- Opening Delimiter -

(* Let $S=\{(X_1,y_1),(X_2,y_2)\}\in\mathcal{S}_2$ be such that at least one principal angle between $\mathrm{range}(X_1^\top)$ and $\mathrm{range}(X_2^\top)$ is non-zero, and let $\theta_F$ be the smallest non-zero such principal angle (the Friedrichs angle). Under the cyclic ordering, after $k=2n$ iterations ($n\ge1$), $$\|w_k-w^\star\|^2\le(\cos^2\theta_F)^{k-1}\|w^\star\|^2 .$$ Moreover the bound is tight: for the given $X_1,X_2$ there exist labels $y_1,y_2$ with $S\in\mathcal{S}_2$ for which equality holds.
   Context: Let $d\ge 1$, $T\ge1$. A task is a pair $(X_m,y_m)$ with $X_m\in\mathbb{R}^{n_m\times d}$, $y_m\in\mathbb{R}^{n_m}$ and $\operatorname{rank}(X_m)<d$. $\mathcal{S}_T$ denotes the set of collections $S=\{(X_m,y_m)\}_{m=1}^T$ of $T$ tasks such that $\|X_m\|\le 1$ (spectral norm) for all $m$ and there exists $w\in\mathbb{R}^d$ with $\|w\|\le 1$ and $y_m=X_mw$ for all $m$. Given $S$ and an ordering $\tau:\mathbb{N}^+\to\{1,\dots,T\}$, the iterates are $w_0=0$ and $w_t=w_{t-1}+X_{\tau(t)}^+(y_{\tau(t)}-X_{\tau(t)}w_{t-1})$, with $A^+$ the Moore–Penrose pseudoinverse. The cyclic ordering is $\tau(t)=((t-1)\bmod T)+1$. $w^\star$ denotes the minimum Euclidean-norm vector with $X_mw^\star=y_m$ for all $m$. Principal angles: for data matrices $X_1,X_2$ let $r=\min(\operatorname{rank}X_1,\operatorname{rank}X_2)$. The principal angles $0\le\theta_1\le\dots\le\theta_r\le\pi/2$ between $\mathrm{range}(X_1^\top)$ and $\mathrm{range}(X_2^\top)$ are defined recursively by $\cos\theta_i=|u_i^\top v_i|$, where $(u_i,v_i)$ maximizes $|u^\top v|$ over unit vectors $u\in\mathrm{range}(X_1^\top)$, $v\in\mathrm{range}(X_2^\top)$ with $u\perp u_j$, $v\perp v_j$ for all $j<i$. *)

theory Defs
  imports "HOL-Analysis.Analysis"
begin

definition pinv :: "real^'d^'n \<Rightarrow> real^'n^'d" where
  "pinv A = (THE B. A ** B ** A = A \<and> B ** A ** B = B \<and>
                    transpose (A ** B) = A ** B \<and> transpose (B ** A) = B ** A)"

definition spec_norm :: "real^'d^'n \<Rightarrow> real" where
  "spec_norm A = onorm (\<lambda>x. A *v x)"

definition is_task :: "real^'d^'n \<Rightarrow> real^'n \<Rightarrow> bool" where
  "is_task X y \<longleftrightarrow> rank X < CARD('d)"

definition in_S2 :: "real^'d^'n1 \<Rightarrow> real^'n1 \<Rightarrow> real^'d^'n2 \<Rightarrow> real^'n2 \<Rightarrow> bool" where
  "in_S2 X1 y1 X2 y2 \<longleftrightarrow> is_task X1 y1 \<and> is_task X2 y2 \<and>
     spec_norm X1 \<le> 1 \<and> spec_norm X2 \<le> 1 \<and>
     (\<exists>w. norm w \<le> 1 \<and> y1 = X1 *v w \<and> y2 = X2 *v w)"

definition wstar :: "real^'d^'n1 \<Rightarrow> real^'n1 \<Rightarrow> real^'d^'n2 \<Rightarrow> real^'n2 \<Rightarrow> real^'d" where
  "wstar X1 y1 X2 y2 = (THE w. X1 *v w = y1 \<and> X2 *v w = y2 \<and>
      (\<forall>v. X1 *v v = y1 \<and> X2 *v v = y2 \<longrightarrow> norm w \<le> norm v))"

definition proj_step :: "real^'d^'n \<Rightarrow> real^'n \<Rightarrow> real^'d \<Rightarrow> real^'d" where
  "proj_step X y w = w + pinv X *v (y - X *v w)"

text \<open>Iterates under the cyclic ordering with T = 2: w_0 = 0, and step t (t \<ge> 1)
  uses task tau(t) = ((t-1) mod 2) + 1.\<close>
fun cyc_iter :: "real^'d^'n1 \<Rightarrow> real^'n1 \<Rightarrow> real^'d^'n2 \<Rightarrow> real^'n2 \<Rightarrow> nat \<Rightarrow> real^'d" where
  "cyc_iter X1 y1 X2 y2 0 = 0"
| "cyc_iter X1 y1 X2 y2 (Suc t) =
     (if t mod 2 = 0 then proj_step X1 y1 (cyc_iter X1 y1 X2 y2 t)
      else proj_step X2 y2 (cyc_iter X1 y1 X2 y2 t))"

definition principal_vectors ::
  "('a::real_inner) set \<Rightarrow> 'a set \<Rightarrow> nat \<Rightarrow> (nat \<Rightarrow> 'a) \<Rightarrow> (nat \<Rightarrow> 'a) \<Rightarrow> bool" where
  "principal_vectors U V r u v \<longleftrightarrow>
     (\<forall>i<r. u i \<in> U \<and> v i \<in> V \<and> norm (u i) = 1 \<and> norm (v i) = 1 \<and>
        (\<forall>j<i. u i \<bullet> u j = 0 \<and> v i \<bullet> v j = 0) \<and>
        (\<forall>x y. x \<in> U \<and> y \<in> V \<and> norm x = 1 \<and> norm y = 1 \<and>
               (\<forall>j<i. x \<bullet> u j = 0 \<and> y \<bullet> v j = 0) \<longrightarrow> \<bar>x \<bullet> y\<bar> \<le> \<bar>u i \<bullet> v i\<bar>))"

definition row_range :: "real^'d^'n \<Rightarrow> (real^'d) set" where
  "row_range X = range (\<lambda>z. transpose X *v z)"

end

theory Submission
  imports Defs
begin

text \<open>
  Let P1, P2 be the orthogonal projections onto the null spaces \<open>U\<^sup>\<bottom>\<close>, \<open>V\<^sup>\<bottom>\<close> of X1, X2, where
  U, V are the row spaces. Each step of the cyclic iteration applies P1 or P2 to the error
  \<open>w\<^sub>t - w\<^sup>*\<close>, which starts at \<open>-w\<^sup>*\<close> and stays orthogonal to \<open>M = U\<^sup>\<bottom> \<inter> V\<^sup>\<bottom>\<close>.

  On \<open>U\<^sup>\<bottom> \<inter> M\<^sup>\<bottom>\<close> the projection P2 shrinks norms by the factor \<open>c = cos \<theta>F\<close>. A unit maximiser z
  of \<open>norm (P2 z)\<close> there is an eigenvector of P1 P2 with eigenvalue \<open>A = (norm (P2 z))\<^sup>2\<close>. The
  vectors obtained by projecting P2 z onto U and z onto V are orthogonal to \<open>U \<inter> V\<close>, which
  contains all principal vectors of angle zero, so the extremal property of the principal pair
  of the Friedrichs angle bounds their inner product \<open>A\<^sup>2 - A\<close>, and this yields \<open>A \<le> c\<^sup>2\<close>.
  Alternating the two projections 2n times gives the factor \<open>c ^ (2n - 1)\<close> on the error norm.

  For tightness, with \<open>s = u\<^sub>F \<bullet> v\<^sub>F\<close> the vector \<open>x = v\<^sub>F - s u\<^sub>F\<close> satisfies \<open>P1 (P2 x) = s\<^sup>2 x\<close>,
  because the projection of \<open>v\<^sub>F\<close> onto U is \<open>s u\<^sub>F\<close> and symmetrically; labels with \<open>w\<^sup>* = -x\<close>
  attain the bound.
\<close>

section \<open>Orthogonal projections\<close>

lemma orthogonal_comp_iff: "x \<in> S\<^sup>\<bottom> \<longleftrightarrow> (\<forall>s\<in>S. s \<bullet> x = 0)"
  by (simp add: orthogonal_comp_def orthogonal_def)

definition orth_proj :: "'a::euclidean_space set \<Rightarrow> 'a \<Rightarrow> 'a" where
  "orth_proj S x = (THE p. p \<in> S \<and> x - p \<in> S\<^sup>\<bottom>)"

context
  fixes S :: "'a::euclidean_space set"
  assumes S: "subspace S"
begin

lemma orth_proj_eqI:
  assumes "p \<in> S" "x - p \<in> S\<^sup>\<bottom>"
  shows "orth_proj S x = p"
  unfolding orth_proj_def
proof (rule the_equality)
  fix q assume q: "q \<in> S \<and> x - q \<in> S\<^sup>\<bottom>"
  have "(x - q) - (x - p) \<in> S\<^sup>\<bottom>"
    by (rule subspace_diff[OF subspace_orthogonal_comp]) (use assms(2) q in simp_all)
  then have "p - q \<in> S\<^sup>\<bottom>"
    by simp
  moreover have "p - q \<in> S"
    using assms(1) q S by (simp add: subspace_diff)
  ultimately have "p - q = 0"
    using orthogonal_Int_0[OF S] by blast
  then show "q = p"
    by simp
qed (use assms in simp)

lemma orth_proj_decomp: "orth_proj S x \<in> S \<and> x - orth_proj S x \<in> S\<^sup>\<bottom>"
proof -
  obtain p q where "p \<in> S" "q \<in> S\<^sup>\<bottom>" "x = p + q"
    using subspace_sum_orthogonal_comp[OF S] set_plus_elim by (metis UNIV_I)
  then show ?thesis
    using orth_proj_eqI[of p x] by auto
qed

lemma orth_proj_in: "orth_proj S x \<in> S"
  using orth_proj_decomp by blast

lemma orth_proj_residual: "x - orth_proj S x \<in> S\<^sup>\<bottom>"
  using orth_proj_decomp by blast

lemma orth_proj_id: "x \<in> S \<Longrightarrow> orth_proj S x = x"
  by (rule orth_proj_eqI) (auto simp: orthogonal_comp_iff)

lemma orth_proj_eq_0: "x \<in> S\<^sup>\<bottom> \<Longrightarrow> orth_proj S x = 0"
  by (rule orth_proj_eqI) (auto simp: subspace_0[OF S])

lemma linear_orth_proj: "linear (orth_proj S)"
proof (rule linearI)
  fix x y
  have "(x - orth_proj S x) + (y - orth_proj S y) \<in> S\<^sup>\<bottom>"
    by (rule subspace_add[OF subspace_orthogonal_comp]) (simp_all add: orth_proj_residual)
  then show "orth_proj S (x + y) = orth_proj S x + orth_proj S y"
    using orth_proj_in by (intro orth_proj_eqI) (simp_all add: S subspace_add algebra_simps)
next
  fix c :: real and x
  have "c *\<^sub>R (x - orth_proj S x) \<in> S\<^sup>\<bottom>"
    by (rule subspace_scale[OF subspace_orthogonal_comp]) (simp add: orth_proj_residual)
  then show "orth_proj S (c *\<^sub>R x) = c *\<^sub>R orth_proj S x"
    using orth_proj_in by (intro orth_proj_eqI) (simp_all add: S subspace_scale algebra_simps)
qed

lemma orth_proj_self_adjoint: "orth_proj S x \<bullet> y = x \<bullet> orth_proj S y"
proof -
  have "orth_proj S x \<bullet> (y - orth_proj S y) = 0" "(x - orth_proj S x) \<bullet> orth_proj S y = 0"
    using orth_proj_in orth_proj_residual by (auto simp: orthogonal_comp_iff inner_commute)
  then show ?thesis
    by (simp add: inner_diff_left inner_diff_right)
qed

lemma inner_orth_proj_self: "orth_proj S x \<bullet> orth_proj S x = x \<bullet> orth_proj S x"
  using orth_proj_self_adjoint[of x "orth_proj S x"] orth_proj_id[OF orth_proj_in] by simp

lemma norm_orth_proj_pythagoras:
  "(norm x)\<^sup>2 = (norm (orth_proj S x))\<^sup>2 + (norm (x - orth_proj S x))\<^sup>2"
  using inner_orth_proj_self[of x]
  by (simp add: power2_norm_eq_inner inner_diff_left inner_diff_right inner_commute)

lemma norm_orth_proj_le: "norm (orth_proj S x) \<le> norm x"
  using norm_orth_proj_pythagoras[of x] by (simp add: power2_le_imp_le)

lemma norm_orth_proj_less:
  assumes "x \<notin> S"
  shows "norm (orth_proj S x) < norm x"
proof -
  have "x - orth_proj S x \<noteq> 0"
    using assms orth_proj_in[of x] by auto
  then have "(norm (orth_proj S x))\<^sup>2 < (norm x)\<^sup>2"
    using norm_orth_proj_pythagoras[of x] by simp
  then show ?thesis
    by (rule power2_less_imp_less) simp
qed

lemma orth_proj_preserves_orthogonal_comp:
  assumes "T \<subseteq> S" "x \<in> T\<^sup>\<bottom>"
  shows "orth_proj S x \<in> T\<^sup>\<bottom>"
  unfolding orthogonal_comp_iff
proof
  fix t assume "t \<in> T"
  then have "t \<bullet> orth_proj S x = orth_proj S t \<bullet> x"
    using assms(1) orth_proj_self_adjoint[of t x] by (simp add: inner_commute)
  also have "\<dots> = t \<bullet> x"
    using \<open>t \<in> T\<close> assms(1) orth_proj_id by auto
  finally show "t \<bullet> orth_proj S x = 0"
    using \<open>t \<in> T\<close> assms(2) by (simp add: orthogonal_comp_iff)
qed

end

lemma orth_proj_orthogonal_comp:
  assumes "subspace S"
  shows "orth_proj (S\<^sup>\<bottom>) x = x - orth_proj S x"
  using assms orth_proj_in orth_proj_residual orthogonal_comp_self[OF assms]
  by (intro orth_proj_eqI[OF subspace_orthogonal_comp]) auto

- Closing Delimiter -

- **PROBLEM**
Once you have found every line above holding the word "forall", copy those lines.

- **SOLUTION**
      (\<forall>v. X1 *v v = y1 \<and> X2 *v v = y2 \<longrightarrow> norm w \<le> norm v))"
     (\<forall>i<r. u i \<in> U \<and> v i \<in> V \<and> norm (u i) = 1 \<and> norm (v i) = 1 \<and>
        (\<forall>j<i. u i \<bullet> u j = 0 \<and> v i \<bullet> v j = 0) \<and>
        (\<forall>x y. x \<in> U \<and> y \<in> V \<and> norm x = 1 \<and> norm y = 1 \<and>
               (\<forall>j<i. x \<bullet> u j = 0 \<and> y \<bullet> v j = 0) \<longrightarrow> \<bar>x \<bullet> y\<bar> \<le> \<bar>u i \<bullet> v i\<bar>))"
lemma orthogonal_comp_iff: "x \<in> S\<^sup>\<bottom> \<longleftrightarrow> (\<forall>s\<in>S. s \<bullet> x = 0)"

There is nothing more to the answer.